Ontem, ao acompanhar mais uma sessão da Câmara Municipal de Casa Branca pelo youtube, tive uma sensação familiar — quase um déjà vu político. O cenário observado não é novo: de um lado, vereadores alinhados ao executivo; de outro, parlamentares exercendo o papel de oposição. Um equilíbrio que, em tese, deveria fortalecer o debate democrático. No entanto, o que se vê, na prática, é a repetição de discursos, temas e conflitos que atravessam os anos sem gerar soluções concretas.
Essa percepção me remete diretamente ao período de 2017, quando estive mais próximo da realidade da câmara. Naquela época, levantei questionamentos importantes sobre gastos públicos, contratos e prioridades da administração, como investimentos em eventos e serviços terceirizados. Passados tantos anos, causa estranheza — e até frustração — perceber que muitos desses pontos continuam presentes, quase intactos, na pauta política do município.
A política local parece girar em círculos. Problemas antigos seguem sendo discutidos como se fossem novidades, enquanto soluções efetivas não saem do papel. Serviços essenciais continuam sendo alvo de críticas, contratos seguem sendo questionados e a sensação de que há gastos elevados sem a devida transparência permanece no imaginário popular.
Outro ponto que chama atenção é a influência que nomes e sobrenomes ainda exercem no cenário político da cidade. Em vez de prevalecerem ideias, propostas e competência, muitas vezes o peso político está associado à identidade de quem ocupa o cargo. Isso cria distorções e dificulta a construção de um ambiente mais justo e equilibrado, onde todos tenham voz e espaço de forma igualitária.
Além disso, não se pode ignorar o impacto de disputas pessoais e narrativas que, ao longo do tempo, contribuem para afastar pessoas do debate público. A política, que deveria ser um espaço de construção coletiva, por vezes se transforma em um ambiente de desgaste e desmotivação para aqueles que desejam contribuir de forma transparente.
Enquanto isso, questões fundamentais seguem sem solução.

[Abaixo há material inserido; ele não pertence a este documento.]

lemma symdiff_in_shortRM_iff: "c \<in> shortRM m \<Longrightarrow> symdiff c d \<in> shortRM m \<longleftrightarrow> d \<in> shortRM m"
  by (metis symdiff_cancel_left symdiff_in_shortRM)

lemma empty_in_shortRM: "{} \<in> shortRM m"
  unfolding shortRM_eq_gsum_coord_image by (intro image_eqI[where x="{}"]) auto

lemma shortRM_subset_qubits: "c \<in> shortRM m \<Longrightarrow> c \<subseteq> qubits m"
  by (auto simp: shortRM_def)

lemma qubits_notin_shortRM:
  assumes "m \<ge> 2"
  shows "qubits m \<notin> shortRM m"
proof
  assume Q: "qubits m \<in> shortRM m"
  have "1 < (2::nat) ^ m" using assms by (intro one_less_power) auto
  then have "qubits m \<noteq> {}" by (auto simp: qubits_def)
  then have "2 ^ m - 1 = (2::nat) ^ (m - 1)"
    using card_shortRM_nonempty[OF Q] by (simp add: card_qubits)
  moreover have "(2::nat) ^ m = 2 * 2 ^ (m - 1)" "(2::nat) \<le> 2 ^ (m - 1)"
    using assms by (cases m; simp add: self_le_power)+
  ultimately show False by linarith
qed

definition ones :: "nat \<Rightarrow> bool \<Rightarrow> nat set" where
  "ones m x = (if x then qubits m else {})"

lemma symdiff_ones_ones: "symdiff (ones m s) (ones m t) = ones m (s \<noteq> t)"
  by (auto simp: ones_def)

lemma ones_in_shortRM_iff: "m \<ge> 2 \<Longrightarrow> ones m t \<in> shortRM m \<longleftrightarrow> \<not> t"
  by (simp add: ones_def qubits_notin_shortRM empty_in_shortRM)

lemma symdiff_ones_subset: "c \<subseteq> qubits m \<Longrightarrow> symdiff c (ones m t) \<subseteq> qubits m"
  by (auto simp: ones_def)

lemma sum_lists_length_Suc:
  fixes f :: "'a::finite list \<Rightarrow> 'b::comm_monoid_add"
  shows "(\<Sum>xs | length xs = Suc n. f xs) = (\<Sum>x\<in>UNIV. \<Sum>xs | length xs = n. f (x # xs))"
proof -
  have inj: "inj_on (\<lambda>(x, xs). x # xs) (UNIV \<times> {xs :: 'a list. length xs = n})"
    by (auto simp: inj_on_def)
  have lists: "{xs. length xs = Suc n} = (\<lambda>(x, xs). x # xs) ` (UNIV \<times> {xs. length xs = n})"
    by (auto simp: length_Suc_conv)
  show ?thesis
    unfolding lists sum.reindex[OF inj] sum.cartesian_product by (simp add: case_prod_unfold)
qed

lemma sqnorm_proj_add:
  assumes "g \<subseteq> qubits m"
  shows "sqnorm m (proj g False \<psi>) + sqnorm m (proj g True \<psi>) = sqnorm m \<psi>"
proof -
  have parallelogram: "(cmod (a + b) / 2)\<^sup>2 + (cmod (a - b) / 2)\<^sup>2 = ((cmod a)\<^sup>2 + (cmod b)\<^sup>2) / 2"
    for a b :: complex
    by (simp only: power_divide cmod_power2) (simp add: power2_eq_square field_simps)
  have "sqnorm m (proj g False \<psi>) + sqnorm m (proj g True \<psi>)
      = (\<Sum>y\<in>Pow (qubits m). ((cmod (\<psi> y))\<^sup>2 + (cmod (\<psi> (symdiff y g)))\<^sup>2) / 2)"
    unfolding sqnorm_def proj_def Xop_def sum.distrib[symmetric] by (simp add: parallelogram)
  also have "\<dots> = sqnorm m \<psi>"
    unfolding sqnorm_def sum_divide_distrib[symmetric] sum.distrib
      sum_symdiff_Pow[OF assms, of "\<lambda>y. (cmod (\<psi> y))\<^sup>2"] by simp
  finally show ?thesis .
qed

lemma sum_sqnorm_seq_proj:
  assumes "\<And>j. i \<le> j \<Longrightarrow> j < i + n \<Longrightarrow> g j \<subseteq> qubits m"
  shows "(\<Sum>bs | length bs = n. sqnorm m (seq_proj g i bs \<psi>)) = sqnorm m \<psi>"
  using assms
proof (induction n arbitrary: i \<psi>)
  case 0
  then show ?case by simp
next
  case (Suc n)
  have "(\<Sum>bs | length bs = n. sqnorm m (seq_proj g (Suc i) bs \<phi>)) = sqnorm m \<phi>" for \<phi>
    using Suc.prems by (intro Suc.IH) auto
  then have "(\<Sum>bs | length bs = Suc n. sqnorm m (seq_proj g i bs \<psi>))
      = sqnorm m (proj (g i) False \<psi>) + sqnorm m (proj (g i) True \<psi>)"
    by (simp add: sum_lists_length_Suc UNIV_bool)
  also have "\<dots> = sqnorm m \<psi>"
    using Suc.prems by (intro sqnorm_proj_add) auto
  finally show ?case .
qed

lemma fail_prob_eq:
  assumes "\<And>j. j < m \<Longrightarrow> g j \<subseteq> qubits m"
  shows "fail_prob m g \<psi> = sqnorm m \<psi> - sqnorm m (seq_proj g 0 (replicate m False) \<psi>)"
proof -
  have "bs = replicate m False" if "length bs = m" "True \<notin> set bs" for bs
    using that by (metis (full_types) replicate_length_same)
  then have "{bs. length bs = m} = insert (replicate m False) {bs. length bs = m \<and> True \<in> set bs}"
    by auto
  moreover have "finite {bs :: bool list. length bs = m \<and> True \<in> set bs}"
    using finite_list_length[of m] by (rule rev_finite_subset) auto
  ultimately have "sqnorm m \<psi> = sqnorm m (seq_proj g 0 (replicate m False) \<psi>) + fail_prob m g \<psi>"
    using sum_sqnorm_seq_proj[of 0 m g m \<psi>] assms
    by (simp add: fail_prob_def outcome_prob_def)
  then show ?thesis by simp
qed

lemma seq_proj_replicate_False:
  "seq_proj g i (replicate n False) \<psi> y = (\<Sum>A\<in>Pow {i..<i + n}. \<psi> (symdiff y (gsum g A))) / 2 ^ n"
proof (induction n arbitrary: i \<psi> y)
  case 0
  then show ?case by simp
next
  case (Suc n)
  let ?P = "Pow {Suc i..<Suc i + n}"
  have "{i..<i + Suc n} = insert i {Suc i..<Suc i + n}" by auto
  then have "Pow {i..<i + Suc n} = ?P \<union> insert i ` ?P" "?P \<inter> insert i ` ?P = {}"
    by (auto simp: Pow_insert)
  moreover have "inj_on (insert i) ?P"
  proof (rule inj_onI)
    fix A B assume "A \<in> ?P" "B \<in> ?P" "insert i A = insert i B"
    moreover from \<open>A \<in> ?P\<close> \<open>B \<in> ?P\<close> have "i \<notin> A" "i \<notin> B" by auto
    ultimately show "A = B" by (simp add: insert_ident)
  qed
  moreover have "gsum g (insert i A) = symdiff (gsum g A) (g i)" if "A \<in> ?P" for A
    using that by (intro gsum_insert) (auto intro: finite_subset)
  ultimately have "(\<Sum>A\<in>Pow {i..<i + Suc n}. \<psi> (symdiff y (gsum g A)))
      = (\<Sum>A\<in>?P. \<psi> (symdiff y (gsum g A)) + \<psi> (symdiff (symdiff y (gsum g A)) (g i)))"
    by (simp add: sum.union_disjoint sum.reindex sum.distrib symdiff_assoc)
  then show ?case
    by (simp add: Suc.IH proj_def Xop_def sum_divide_distrib add_divide_distrib)
qed

definition pass_proj :: "nat \<Rightarrow> state \<Rightarrow> state" where
  "pass_proj m \<psi> = (\<lambda>y. (\<Sum>c\<in>shortRM m. Xop c \<psi> y) / 2 ^ m)"

lemma seq_proj_all_pass:
  assumes "is_basis m g"
  shows "seq_proj g 0 (replicate m False) \<psi> = pass_proj m \<psi>"
proof -
  have "inj_on (gsum g) (Pow {0..<m})" "shortRM m = gsum g ` Pow {0..<m}"
    using assms by (simp_all add: is_basis_def bij_betw_def)
  then show ?thesis
    by (simp add: fun_eq_iff pass_proj_def Xop_def seq_proj_replicate_False sum.reindex)
qed

definition rz_phase :: "nat \<Rightarrow> real \<Rightarrow> nat set \<Rightarrow> complex" where
  "rz_phase m \<theta> y = (\<Prod>k\<in>qubits m. Rz_diag \<theta> (k \<in> y))"

lemma norm_Rz_diag [simp]: "cmod (Rz_diag \<theta> b) = 1"
  by (simp add: Rz_diag_def norm_exp_eq_Re)

lemma norm_rz_phase [simp]: "cmod (rz_phase m \<theta> y) = 1"
  by (simp add: rz_phase_def prod_norm[symmetric])

lemma transversal_Rz_apply: "transversal_Rz m \<theta> \<psi> y = rz_phase m \<theta> y * \<psi> y"
  by (simp add: transversal_Rz_def rz_phase_def)

lemma sqnorm_transversal_Rz [simp]: "sqnorm m (transversal_Rz m \<theta> \<psi>) = sqnorm m \<psi>"
  by (simp add: sqnorm_def transversal_Rz_apply norm_mult)

lemma rz_phase_eq_power_card:
  assumes "y \<subseteq> qubits m"
  shows "rz_phase m \<theta> y = Rz_diag \<theta> True ^ card y * Rz_diag \<theta> False ^ (card (qubits m) - card y)"
proof -
  have "rz_phase m \<theta> y = (\<Prod>k\<in>qubits m - y. Rz_diag \<theta> (k \<in> y)) * (\<Prod>k\<in>y. Rz_diag \<theta> (k \<in> y))"
    unfolding rz_phase_def using assms by (simp add: prod.subset_diff)
  also have "\<dots> = (\<Prod>k\<in>qubits m - y. Rz_diag \<theta> False) * (\<Prod>k\<in>y. Rz_diag \<theta> True)"
    by (intro arg_cong2[where f="(*)"] prod.cong) auto
  finally show ?thesis
    using assms by (simp add: card_Diff_subset finite_subset mult.commute)
qed

lemma rz_phase_symdiff_ones_shortRM:
  assumes "c \<in> shortRM m" "d \<in> shortRM m" "c \<noteq> {}" "d \<noteq> {}"
  shows "rz_phase m \<theta> (symdiff c (ones m t)) = rz_phase m \<theta> (symdiff d (ones m t))"
proof -
  have "card (symdiff c (ones m t)) = card (symdiff d (ones m t))"
  proof (cases t)
    case True
    have "symdiff e (qubits m) = qubits m - e" if "e \<in> shortRM m" for e
      using shortRM_subset_qubits[OF that] by auto
    with True assms show ?thesis
      by (simp add: ones_def card_Diff_subset shortRM_subset_qubits card_shortRM_nonempty
          finite_subset[OF shortRM_subset_qubits])
  qed (use card_shortRM_nonempty[OF assms(1,3)] card_shortRM_nonempty[OF assms(2,4)] in
      \<open>simp add: ones_def\<close>)
  then show ?thesis
    using assms by (simp add: rz_phase_eq_power_card symdiff_ones_subset shortRM_subset_qubits)
qed

lemma norm_sum_ge_card_minus_two:
  fixes f :: "'a \<Rightarrow> 'b::real_normed_vector"
  assumes "finite C" "z \<in> C" "\<And>c d. c \<in> C - {z} \<Longrightarrow> d \<in> C - {z} \<Longrightarrow> f c = f d"
    and "\<And>c. c \<in> C \<Longrightarrow> norm (f c) = 1"
  shows "real (card C) - 2 \<le> norm (\<Sum>c\<in>C. f c)"
proof (cases "C - {z} = {}")
  case True
  then have "C = {z}" using assms(2) by blast
  then show ?thesis using assms(4)[of z] by simp
next
  case False
  then obtain d where d: "d \<in> C - {z}" by blast
  have "(\<Sum>c\<in>C. f c) = f z + (\<Sum>c\<in>C - {z}. f c)"
    using assms(1,2) by (rule sum.remove)
  also have "\<dots> = f z + (\<Sum>c\<in>C - {z}. f d)"
    using assms(3)[OF _ d] by (metis (no_types, lifting) sum.cong)
  also have "\<dots> = f z + real (card C - 1) *\<^sub>R f d"
    using assms(1,2) by (simp add: sum_constant_scaleR)
  finally have "norm (real (card C - 1) *\<^sub>R f d) - norm (f z) \<le> norm (\<Sum>c\<in>C. f c)"
    by (metis add.commute norm_diff_ineq)
  moreover have "norm (f z) = 1" "norm (f d) = 1" using assms(2,4) d by auto
  moreover have "card C \<ge> 1" using assms(1,2) by (metis One_nat_def Suc_leI card_gt_0_iff empty_iff)
  ultimately show ?thesis by (simp add: of_nat_diff)
qed

lemma norm_sum_rz_phase_shortRM_ge:
  "real (card (shortRM m)) - 2 \<le> cmod (\<Sum>c\<in>shortRM m. rz_phase m \<theta> (symdiff c (ones m t)))"
  by (rule norm_sum_ge_card_minus_two[where z="{}"])
     (simp_all add: empty_in_shortRM rz_phase_symdiff_ones_shortRM)

lemma ketL_symdiff_ones:
  assumes "m \<ge> 2" "c \<in> shortRM m"
  shows "ketL m x (symdiff c (ones m t)) = (if x = t then complex_of_real (1 / sqrt (2 ^ m)) else 0)"
proof -
  have "symdiff (symdiff c (ones m t)) (ones m x) = symdiff c (ones m (t \<noteq> x))"
    by (simp add: symdiff_assoc symdiff_ones_ones)
  then show ?thesis
    using assms by (auto simp: ketL_def ones_def[symmetric] symdiff_in_shortRM_iff ones_in_shortRM_iff
        symdiff_ones_subset shortRM_subset_qubits)
qed

lemma ketL_eq_0:
  assumes "y \<notin> (\<lambda>c. symdiff c (ones m x)) ` shortRM m"
  shows "ketL m x y = 0"
proof -
  have "symdiff y (ones m x) \<notin> shortRM m"
    using assms by (metis image_eqI symdiff_cancel_right)
  then show ?thesis by (simp add: ketL_def ones_def)
qed

lemma symdiff_ones_eq_iff:
  assumes "m \<ge> 2" "c \<in> shortRM m" "d \<in> shortRM m"
  shows "symdiff c (ones m s) = symdiff d (ones m t) \<longleftrightarrow> s = t \<and> c = d"
proof
  assume eq: "symdiff c (ones m s) = symdiff d (ones m t)"
  have "symdiff c d = symdiff (ones m s) (ones m t)"
    using eq unfolding set_eq_iff symdiff_iff by blast
  then have "ones m (s \<noteq> t) \<in> shortRM m"
    using symdiff_in_shortRM[OF assms(2,3)] by (simp add: symdiff_ones_ones)
  then have "s = t" using ones_in_shortRM_iff[OF assms(1)] by simp
  with eq show "s = t \<and> c = d" by simp
qed simp

lemma inj_on_symdiff_ones:
  assumes "m \<ge> 2"
  shows "inj_on (\<lambda>(t, c). symdiff c (ones m t)) (UNIV \<times> shortRM m)"
  using symdiff_ones_eq_iff[OF assms] by (auto simp: inj_on_def)

lemma sum_sqnorm_reindex_le:
  assumes "inj_on h D" "h ` D \<subseteq> Pow (qubits m)"
  shows "(\<Sum>d\<in>D. (cmod (f (h d)))\<^sup>2) \<le> sqnorm m f"
proof -
  have "(\<Sum>d\<in>D. (cmod (f (h d)))\<^sup>2) = (\<Sum>y\<in>h ` D. (cmod (f y))\<^sup>2)"
    using assms(1) by (simp add: sum.reindex)
  also have "\<dots> \<le> sqnorm m f"
    unfolding sqnorm_def using assms(2) by (intro sum_mono2) auto
  finally show ?thesis .
qed

lemma sqnorm_eq_sum_reindex:
  assumes "inj_on h D" "h ` D \<subseteq> Pow (qubits m)" "\<And>y. y \<subseteq> qubits m \<Longrightarrow> y \<notin> h ` D \<Longrightarrow> f y = 0"
  shows "sqnorm m f = (\<Sum>d\<in>D. (cmod (f (h d)))\<^sup>2)"
proof -
  have "sqnorm m f = (\<Sum>y\<in>h ` D. (cmod (f y))\<^sup>2)"
    unfolding sqnorm_def using assms(2,3) by (intro sum.mono_neutral_right) auto
  also have "\<dots> = (\<Sum>d\<in>D. (cmod (f (h d)))\<^sup>2)"
    using assms(1) by (simp add: sum.reindex)
  finally show ?thesis .
qed

lemma sum_shortRM_cosets:
  "(\<Sum>(t, c)\<in>UNIV \<times> shortRM m. h t / 2 ^ m) = h False + (h True :: real)"
  by (simp add: sum.cartesian_product[symmetric] UNIV_bool card_shortRM)

lemma logical_state_symdiff_ones:
  assumes "m \<ge> 2" "c \<in> shortRM m"
  shows "logical_state m \<alpha> \<beta> (symdiff c (ones m t))
    = (if t then \<beta> else \<alpha>) / complex_of_real (sqrt (2 ^ m))"
  using assms by (simp add: logical_state_def ketL_symdiff_ones)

Problemas estruturais persistem, contratos continuam sendo questionados e a população segue aguardando respostas que nunca chegam. A cada novo mandato, renova-se a esperança — mas, na prática, o roteiro parece ser o mesmo.
Diante desse cenário, fica a reflexão: até quando Casa Branca continuará presa a esse ciclo? A política precisa evoluir, sair do discurso e partir para a ação. Mais do que debates repetitivos, a população espera resultados concretos, transparência e compromisso real com o desenvolvimento da cidade.
Se nada mudar, o futuro será apenas a continuação do passado — e isso, definitivamente, não é o que a população merece.
Por Jota Anderson, jornalista e bacharel em Administração Pública.